[[ Given entries, beginning ]]
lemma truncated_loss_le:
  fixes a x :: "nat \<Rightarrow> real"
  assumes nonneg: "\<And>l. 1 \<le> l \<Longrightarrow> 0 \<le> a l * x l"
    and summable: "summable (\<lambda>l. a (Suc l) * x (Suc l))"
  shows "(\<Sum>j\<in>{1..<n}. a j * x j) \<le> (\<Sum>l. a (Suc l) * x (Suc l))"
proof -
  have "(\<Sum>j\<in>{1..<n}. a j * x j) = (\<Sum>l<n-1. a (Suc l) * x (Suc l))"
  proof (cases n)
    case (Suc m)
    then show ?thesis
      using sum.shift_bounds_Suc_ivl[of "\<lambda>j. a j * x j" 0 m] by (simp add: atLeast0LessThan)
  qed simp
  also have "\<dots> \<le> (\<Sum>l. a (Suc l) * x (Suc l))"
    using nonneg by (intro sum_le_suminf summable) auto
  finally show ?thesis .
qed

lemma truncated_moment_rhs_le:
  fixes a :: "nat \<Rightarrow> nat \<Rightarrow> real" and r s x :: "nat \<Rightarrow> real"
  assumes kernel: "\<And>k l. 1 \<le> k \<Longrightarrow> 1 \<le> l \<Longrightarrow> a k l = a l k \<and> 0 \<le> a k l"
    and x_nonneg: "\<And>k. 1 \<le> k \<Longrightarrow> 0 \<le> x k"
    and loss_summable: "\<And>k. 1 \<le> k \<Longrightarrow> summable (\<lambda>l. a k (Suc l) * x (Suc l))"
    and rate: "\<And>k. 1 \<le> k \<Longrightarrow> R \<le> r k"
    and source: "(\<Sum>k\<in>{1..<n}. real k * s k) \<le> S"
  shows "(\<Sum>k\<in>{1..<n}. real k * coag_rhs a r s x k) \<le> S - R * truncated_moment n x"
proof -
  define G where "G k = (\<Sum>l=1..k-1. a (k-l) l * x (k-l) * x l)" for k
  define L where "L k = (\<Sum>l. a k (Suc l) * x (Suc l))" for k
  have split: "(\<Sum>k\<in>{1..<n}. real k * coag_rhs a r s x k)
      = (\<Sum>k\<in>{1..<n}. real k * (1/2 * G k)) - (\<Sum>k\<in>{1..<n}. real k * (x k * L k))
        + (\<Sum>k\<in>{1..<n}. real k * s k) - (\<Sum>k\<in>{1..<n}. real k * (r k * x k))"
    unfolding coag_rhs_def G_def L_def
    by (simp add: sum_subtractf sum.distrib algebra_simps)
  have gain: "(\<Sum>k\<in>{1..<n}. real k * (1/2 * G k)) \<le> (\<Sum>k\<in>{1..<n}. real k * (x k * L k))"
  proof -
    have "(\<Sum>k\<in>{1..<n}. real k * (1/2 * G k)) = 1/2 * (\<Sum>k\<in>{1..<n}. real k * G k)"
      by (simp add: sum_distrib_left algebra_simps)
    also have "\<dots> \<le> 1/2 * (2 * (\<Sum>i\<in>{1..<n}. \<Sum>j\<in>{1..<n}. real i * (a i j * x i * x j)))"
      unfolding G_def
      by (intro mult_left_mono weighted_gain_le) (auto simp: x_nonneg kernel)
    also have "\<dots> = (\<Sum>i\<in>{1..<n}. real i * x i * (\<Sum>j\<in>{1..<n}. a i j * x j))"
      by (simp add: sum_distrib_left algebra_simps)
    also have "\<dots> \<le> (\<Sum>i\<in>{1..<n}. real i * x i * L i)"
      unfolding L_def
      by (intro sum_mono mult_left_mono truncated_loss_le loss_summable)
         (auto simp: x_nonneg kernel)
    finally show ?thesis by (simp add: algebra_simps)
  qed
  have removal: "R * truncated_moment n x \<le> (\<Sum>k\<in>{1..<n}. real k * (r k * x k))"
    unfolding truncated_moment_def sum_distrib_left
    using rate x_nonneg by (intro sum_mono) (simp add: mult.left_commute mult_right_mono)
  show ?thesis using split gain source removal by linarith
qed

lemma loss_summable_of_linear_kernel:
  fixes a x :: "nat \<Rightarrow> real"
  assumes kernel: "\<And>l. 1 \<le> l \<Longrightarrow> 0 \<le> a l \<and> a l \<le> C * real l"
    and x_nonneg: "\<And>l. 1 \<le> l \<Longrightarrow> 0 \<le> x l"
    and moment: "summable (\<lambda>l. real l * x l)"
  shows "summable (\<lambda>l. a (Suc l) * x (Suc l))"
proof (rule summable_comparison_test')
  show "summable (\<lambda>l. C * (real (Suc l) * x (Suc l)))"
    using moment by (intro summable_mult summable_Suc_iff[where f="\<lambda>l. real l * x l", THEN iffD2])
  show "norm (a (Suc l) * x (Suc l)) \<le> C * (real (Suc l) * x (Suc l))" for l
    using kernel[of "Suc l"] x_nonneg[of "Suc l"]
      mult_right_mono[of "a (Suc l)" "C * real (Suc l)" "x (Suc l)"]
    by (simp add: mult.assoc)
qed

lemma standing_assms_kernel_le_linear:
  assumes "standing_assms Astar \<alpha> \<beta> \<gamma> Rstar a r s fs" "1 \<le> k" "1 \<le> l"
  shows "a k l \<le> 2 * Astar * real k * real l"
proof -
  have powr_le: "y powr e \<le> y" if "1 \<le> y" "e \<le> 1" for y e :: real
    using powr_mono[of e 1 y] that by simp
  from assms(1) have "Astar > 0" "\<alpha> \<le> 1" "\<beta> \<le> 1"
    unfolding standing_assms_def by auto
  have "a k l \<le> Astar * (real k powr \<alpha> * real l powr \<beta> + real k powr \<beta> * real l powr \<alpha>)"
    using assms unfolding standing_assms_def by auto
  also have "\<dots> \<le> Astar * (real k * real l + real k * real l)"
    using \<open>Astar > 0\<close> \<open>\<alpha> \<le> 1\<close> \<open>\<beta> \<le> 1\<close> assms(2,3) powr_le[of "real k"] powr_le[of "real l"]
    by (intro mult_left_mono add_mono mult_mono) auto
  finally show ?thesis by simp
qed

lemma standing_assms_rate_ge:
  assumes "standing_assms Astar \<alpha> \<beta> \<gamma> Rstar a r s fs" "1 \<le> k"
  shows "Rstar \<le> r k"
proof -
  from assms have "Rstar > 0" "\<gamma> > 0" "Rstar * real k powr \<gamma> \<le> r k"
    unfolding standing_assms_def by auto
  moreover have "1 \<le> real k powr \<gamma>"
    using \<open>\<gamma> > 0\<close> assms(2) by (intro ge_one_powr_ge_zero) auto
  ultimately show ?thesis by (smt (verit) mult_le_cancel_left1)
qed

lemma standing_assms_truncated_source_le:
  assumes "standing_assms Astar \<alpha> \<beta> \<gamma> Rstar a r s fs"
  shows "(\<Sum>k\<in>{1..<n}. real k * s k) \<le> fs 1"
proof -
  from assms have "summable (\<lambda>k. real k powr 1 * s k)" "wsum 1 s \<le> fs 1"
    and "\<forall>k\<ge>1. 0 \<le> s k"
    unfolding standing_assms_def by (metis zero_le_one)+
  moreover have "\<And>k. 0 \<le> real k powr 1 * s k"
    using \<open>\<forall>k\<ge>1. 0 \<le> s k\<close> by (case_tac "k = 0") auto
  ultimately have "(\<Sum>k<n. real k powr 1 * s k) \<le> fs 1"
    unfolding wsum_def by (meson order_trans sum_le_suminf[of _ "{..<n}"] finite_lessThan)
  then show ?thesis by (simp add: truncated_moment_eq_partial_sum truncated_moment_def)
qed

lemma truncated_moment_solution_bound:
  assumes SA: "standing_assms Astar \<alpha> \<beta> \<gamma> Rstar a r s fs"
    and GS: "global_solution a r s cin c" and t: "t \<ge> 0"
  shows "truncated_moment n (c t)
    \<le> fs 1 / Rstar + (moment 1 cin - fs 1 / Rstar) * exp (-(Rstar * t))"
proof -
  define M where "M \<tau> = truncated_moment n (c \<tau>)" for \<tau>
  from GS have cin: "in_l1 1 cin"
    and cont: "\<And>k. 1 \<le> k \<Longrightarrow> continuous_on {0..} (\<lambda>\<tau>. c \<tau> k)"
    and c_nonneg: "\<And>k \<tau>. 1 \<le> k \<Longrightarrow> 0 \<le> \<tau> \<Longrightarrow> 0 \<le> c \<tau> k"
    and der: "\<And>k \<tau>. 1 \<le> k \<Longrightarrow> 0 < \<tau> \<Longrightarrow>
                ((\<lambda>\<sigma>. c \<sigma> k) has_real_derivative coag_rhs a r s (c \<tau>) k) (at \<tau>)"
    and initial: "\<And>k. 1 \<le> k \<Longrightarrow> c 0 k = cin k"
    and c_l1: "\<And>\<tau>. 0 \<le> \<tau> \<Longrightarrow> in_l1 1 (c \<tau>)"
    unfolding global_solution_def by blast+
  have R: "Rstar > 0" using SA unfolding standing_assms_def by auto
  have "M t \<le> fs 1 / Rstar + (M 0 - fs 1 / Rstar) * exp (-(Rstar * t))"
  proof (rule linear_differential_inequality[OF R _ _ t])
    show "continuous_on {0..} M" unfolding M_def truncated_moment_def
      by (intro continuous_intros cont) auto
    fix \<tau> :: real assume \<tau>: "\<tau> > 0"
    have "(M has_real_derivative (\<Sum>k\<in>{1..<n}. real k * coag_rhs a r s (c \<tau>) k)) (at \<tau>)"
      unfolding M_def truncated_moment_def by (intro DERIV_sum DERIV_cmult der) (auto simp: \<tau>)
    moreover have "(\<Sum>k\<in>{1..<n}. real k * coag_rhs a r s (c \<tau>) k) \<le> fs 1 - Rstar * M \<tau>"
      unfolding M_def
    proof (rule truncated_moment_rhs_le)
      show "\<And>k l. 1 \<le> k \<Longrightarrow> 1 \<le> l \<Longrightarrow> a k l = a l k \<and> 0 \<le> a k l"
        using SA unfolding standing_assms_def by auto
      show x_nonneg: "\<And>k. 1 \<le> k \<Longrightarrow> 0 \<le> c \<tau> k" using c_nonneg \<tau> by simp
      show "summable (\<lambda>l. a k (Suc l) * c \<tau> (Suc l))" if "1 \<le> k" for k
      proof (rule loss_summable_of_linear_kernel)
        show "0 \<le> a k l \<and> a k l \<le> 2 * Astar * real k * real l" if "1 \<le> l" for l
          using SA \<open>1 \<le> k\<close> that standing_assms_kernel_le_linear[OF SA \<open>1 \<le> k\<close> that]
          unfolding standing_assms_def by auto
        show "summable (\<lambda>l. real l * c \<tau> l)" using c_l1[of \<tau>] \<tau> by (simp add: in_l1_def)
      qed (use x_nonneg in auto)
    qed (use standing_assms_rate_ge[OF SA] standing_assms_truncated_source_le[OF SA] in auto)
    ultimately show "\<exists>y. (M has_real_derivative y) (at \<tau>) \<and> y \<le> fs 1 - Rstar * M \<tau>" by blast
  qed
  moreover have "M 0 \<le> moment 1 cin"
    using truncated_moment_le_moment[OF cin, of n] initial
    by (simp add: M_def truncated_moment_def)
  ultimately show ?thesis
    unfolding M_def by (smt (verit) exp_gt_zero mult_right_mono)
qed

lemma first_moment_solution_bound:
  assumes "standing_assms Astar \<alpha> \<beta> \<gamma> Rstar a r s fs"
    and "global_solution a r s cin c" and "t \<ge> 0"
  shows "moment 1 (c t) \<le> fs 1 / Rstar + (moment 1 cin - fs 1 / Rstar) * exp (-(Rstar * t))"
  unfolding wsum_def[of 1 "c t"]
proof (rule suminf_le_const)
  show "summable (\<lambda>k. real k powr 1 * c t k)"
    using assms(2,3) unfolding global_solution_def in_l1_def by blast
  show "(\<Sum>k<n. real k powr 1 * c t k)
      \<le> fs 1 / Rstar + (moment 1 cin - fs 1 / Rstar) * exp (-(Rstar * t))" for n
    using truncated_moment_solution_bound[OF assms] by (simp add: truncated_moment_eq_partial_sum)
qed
[[ Given entries, end ]]
[[ Given entries, beginning ]]
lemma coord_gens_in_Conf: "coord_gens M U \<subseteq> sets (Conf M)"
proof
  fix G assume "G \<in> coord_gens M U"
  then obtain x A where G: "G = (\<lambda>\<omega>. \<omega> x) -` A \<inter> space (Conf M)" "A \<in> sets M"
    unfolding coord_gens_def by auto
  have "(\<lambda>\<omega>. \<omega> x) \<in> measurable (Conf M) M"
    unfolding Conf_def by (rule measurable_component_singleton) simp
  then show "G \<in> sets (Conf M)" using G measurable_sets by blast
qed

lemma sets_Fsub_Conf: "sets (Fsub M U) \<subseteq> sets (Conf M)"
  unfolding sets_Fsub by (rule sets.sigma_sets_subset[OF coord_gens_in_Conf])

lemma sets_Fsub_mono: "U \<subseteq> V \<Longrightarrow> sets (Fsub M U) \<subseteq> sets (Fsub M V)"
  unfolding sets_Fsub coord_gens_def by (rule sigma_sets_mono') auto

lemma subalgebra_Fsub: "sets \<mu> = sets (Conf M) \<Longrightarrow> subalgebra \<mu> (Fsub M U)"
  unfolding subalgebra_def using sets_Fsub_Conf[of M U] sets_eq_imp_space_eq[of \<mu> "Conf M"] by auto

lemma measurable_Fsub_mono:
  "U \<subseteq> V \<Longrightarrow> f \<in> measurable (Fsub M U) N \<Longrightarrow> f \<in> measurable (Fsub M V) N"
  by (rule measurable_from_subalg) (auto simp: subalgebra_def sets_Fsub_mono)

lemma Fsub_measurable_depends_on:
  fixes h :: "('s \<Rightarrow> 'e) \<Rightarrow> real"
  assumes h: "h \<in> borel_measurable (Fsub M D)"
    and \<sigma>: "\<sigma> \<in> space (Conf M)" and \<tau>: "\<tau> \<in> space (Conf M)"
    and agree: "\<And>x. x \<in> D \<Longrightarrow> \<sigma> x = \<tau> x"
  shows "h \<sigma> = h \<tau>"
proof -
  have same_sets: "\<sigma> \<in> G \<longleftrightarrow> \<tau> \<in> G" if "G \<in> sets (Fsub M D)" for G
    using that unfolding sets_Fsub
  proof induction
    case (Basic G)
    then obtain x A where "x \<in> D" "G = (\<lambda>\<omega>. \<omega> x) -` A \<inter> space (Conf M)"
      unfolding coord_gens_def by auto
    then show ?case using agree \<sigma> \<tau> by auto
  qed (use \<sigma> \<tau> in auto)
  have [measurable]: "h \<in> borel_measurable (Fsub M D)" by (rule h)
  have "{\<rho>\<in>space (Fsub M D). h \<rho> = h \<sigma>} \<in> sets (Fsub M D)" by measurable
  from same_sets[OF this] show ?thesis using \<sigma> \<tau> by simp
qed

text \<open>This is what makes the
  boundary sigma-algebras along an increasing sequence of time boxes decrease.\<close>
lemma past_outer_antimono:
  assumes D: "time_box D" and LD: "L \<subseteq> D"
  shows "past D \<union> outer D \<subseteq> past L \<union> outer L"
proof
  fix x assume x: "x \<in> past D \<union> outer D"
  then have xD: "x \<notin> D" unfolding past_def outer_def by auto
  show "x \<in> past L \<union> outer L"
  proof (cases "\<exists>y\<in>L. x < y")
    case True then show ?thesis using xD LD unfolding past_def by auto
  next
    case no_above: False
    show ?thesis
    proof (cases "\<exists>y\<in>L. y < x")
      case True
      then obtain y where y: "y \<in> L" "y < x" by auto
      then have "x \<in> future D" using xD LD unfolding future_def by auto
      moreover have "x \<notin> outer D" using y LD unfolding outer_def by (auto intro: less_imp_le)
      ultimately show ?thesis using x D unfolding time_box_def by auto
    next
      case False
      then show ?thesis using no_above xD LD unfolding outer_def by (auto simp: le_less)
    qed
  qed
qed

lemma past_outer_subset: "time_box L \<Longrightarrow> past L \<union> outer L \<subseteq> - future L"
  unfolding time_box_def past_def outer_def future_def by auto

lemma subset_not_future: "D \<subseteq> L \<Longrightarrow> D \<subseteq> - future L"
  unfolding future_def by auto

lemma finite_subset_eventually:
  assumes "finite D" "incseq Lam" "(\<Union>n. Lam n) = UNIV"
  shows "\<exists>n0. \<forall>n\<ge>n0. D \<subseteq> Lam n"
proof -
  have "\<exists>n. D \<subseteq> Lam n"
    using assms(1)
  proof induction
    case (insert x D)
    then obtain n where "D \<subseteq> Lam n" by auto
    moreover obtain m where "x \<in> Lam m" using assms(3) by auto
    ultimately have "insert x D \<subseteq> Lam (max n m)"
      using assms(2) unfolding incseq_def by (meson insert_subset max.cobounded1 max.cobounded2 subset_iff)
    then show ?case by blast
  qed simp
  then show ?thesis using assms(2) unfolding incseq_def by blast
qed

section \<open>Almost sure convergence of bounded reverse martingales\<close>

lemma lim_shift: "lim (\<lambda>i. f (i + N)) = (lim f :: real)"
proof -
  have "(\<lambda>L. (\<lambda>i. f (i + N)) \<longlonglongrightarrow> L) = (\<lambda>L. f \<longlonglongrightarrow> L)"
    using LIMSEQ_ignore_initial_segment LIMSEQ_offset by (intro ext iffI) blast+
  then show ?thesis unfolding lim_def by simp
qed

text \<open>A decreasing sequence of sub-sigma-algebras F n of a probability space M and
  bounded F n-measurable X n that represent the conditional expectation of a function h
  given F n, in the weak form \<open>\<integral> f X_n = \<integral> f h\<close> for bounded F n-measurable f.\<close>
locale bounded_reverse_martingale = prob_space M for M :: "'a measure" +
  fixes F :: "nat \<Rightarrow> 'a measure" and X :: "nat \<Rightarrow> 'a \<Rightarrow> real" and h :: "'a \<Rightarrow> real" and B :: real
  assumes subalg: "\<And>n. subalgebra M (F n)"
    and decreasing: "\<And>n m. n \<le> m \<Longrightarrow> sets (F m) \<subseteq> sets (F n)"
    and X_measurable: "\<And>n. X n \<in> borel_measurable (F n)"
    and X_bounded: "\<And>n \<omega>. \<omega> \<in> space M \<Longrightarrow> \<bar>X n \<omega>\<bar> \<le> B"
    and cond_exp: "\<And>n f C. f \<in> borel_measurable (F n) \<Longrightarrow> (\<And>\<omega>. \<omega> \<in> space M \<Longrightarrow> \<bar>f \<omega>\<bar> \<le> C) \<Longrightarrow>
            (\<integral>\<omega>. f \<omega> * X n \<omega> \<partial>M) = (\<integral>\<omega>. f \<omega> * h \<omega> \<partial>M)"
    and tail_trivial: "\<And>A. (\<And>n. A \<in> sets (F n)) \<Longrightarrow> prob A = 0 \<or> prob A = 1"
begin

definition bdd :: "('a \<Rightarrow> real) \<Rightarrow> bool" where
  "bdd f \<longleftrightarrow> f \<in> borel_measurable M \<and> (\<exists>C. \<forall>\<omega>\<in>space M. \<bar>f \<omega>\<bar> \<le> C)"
[[ Given entries, end ]]
[[ Given entries, beginning ]]
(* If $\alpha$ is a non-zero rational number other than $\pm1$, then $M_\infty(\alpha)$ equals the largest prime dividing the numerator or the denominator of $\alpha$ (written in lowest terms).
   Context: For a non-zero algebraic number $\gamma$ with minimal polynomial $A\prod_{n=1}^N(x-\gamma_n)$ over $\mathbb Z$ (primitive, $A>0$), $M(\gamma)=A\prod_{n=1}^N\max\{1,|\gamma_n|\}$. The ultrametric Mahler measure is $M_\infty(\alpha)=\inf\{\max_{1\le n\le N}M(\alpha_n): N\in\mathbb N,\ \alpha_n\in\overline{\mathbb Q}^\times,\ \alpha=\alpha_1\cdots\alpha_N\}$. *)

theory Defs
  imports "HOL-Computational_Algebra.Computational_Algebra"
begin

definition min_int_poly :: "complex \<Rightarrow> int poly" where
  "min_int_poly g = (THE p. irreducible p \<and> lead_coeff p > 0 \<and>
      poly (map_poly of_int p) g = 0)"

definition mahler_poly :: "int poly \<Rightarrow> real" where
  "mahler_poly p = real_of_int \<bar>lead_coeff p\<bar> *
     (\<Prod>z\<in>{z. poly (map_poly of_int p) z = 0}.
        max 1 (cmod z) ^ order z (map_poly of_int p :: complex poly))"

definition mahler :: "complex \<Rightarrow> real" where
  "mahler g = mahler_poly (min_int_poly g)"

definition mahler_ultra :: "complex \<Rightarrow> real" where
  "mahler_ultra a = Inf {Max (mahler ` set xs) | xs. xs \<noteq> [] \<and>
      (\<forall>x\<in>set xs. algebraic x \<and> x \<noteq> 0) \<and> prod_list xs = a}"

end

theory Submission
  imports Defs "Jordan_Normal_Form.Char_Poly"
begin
[[ Given entries, end ]]
▶ _Task requirements_:
Return word for word the lines above from the line with "proof (rule loss_summable_of_linear_kernel)" to the line with "using truncated_moment_le_moment[OF cin, of", including both and leaving out all others.

▶ _Response for this exercise_:
      proof (rule loss_summable_of_linear_kernel)
        show "0 \<le> a k l \<and> a k l \<le> 2 * Astar * real k * real l" if "1 \<le> l" for l
          using SA \<open>1 \<le> k\<close> that standing_assms_kernel_le_linear[OF SA \<open>1 \<le> k\<close> that]
          unfolding standing_assms_def by auto
        show "summable (\<lambda>l. real l * c \<tau> l)" using c_l1[of \<tau>] \<tau> by (simp add: in_l1_def)
      qed (use x_nonneg in auto)
    qed (use standing_assms_rate_ge[OF SA] standing_assms_truncated_source_le[OF SA] in auto)
    ultimately show "\<exists>y. (M has_real_derivative y) (at \<tau>) \<and> y \<le> fs 1 - Rstar * M \<tau>" by blast
  qed
  moreover have "M 0 \<le> moment 1 cin"
    using truncated_moment_le_moment[OF cin, of n] initial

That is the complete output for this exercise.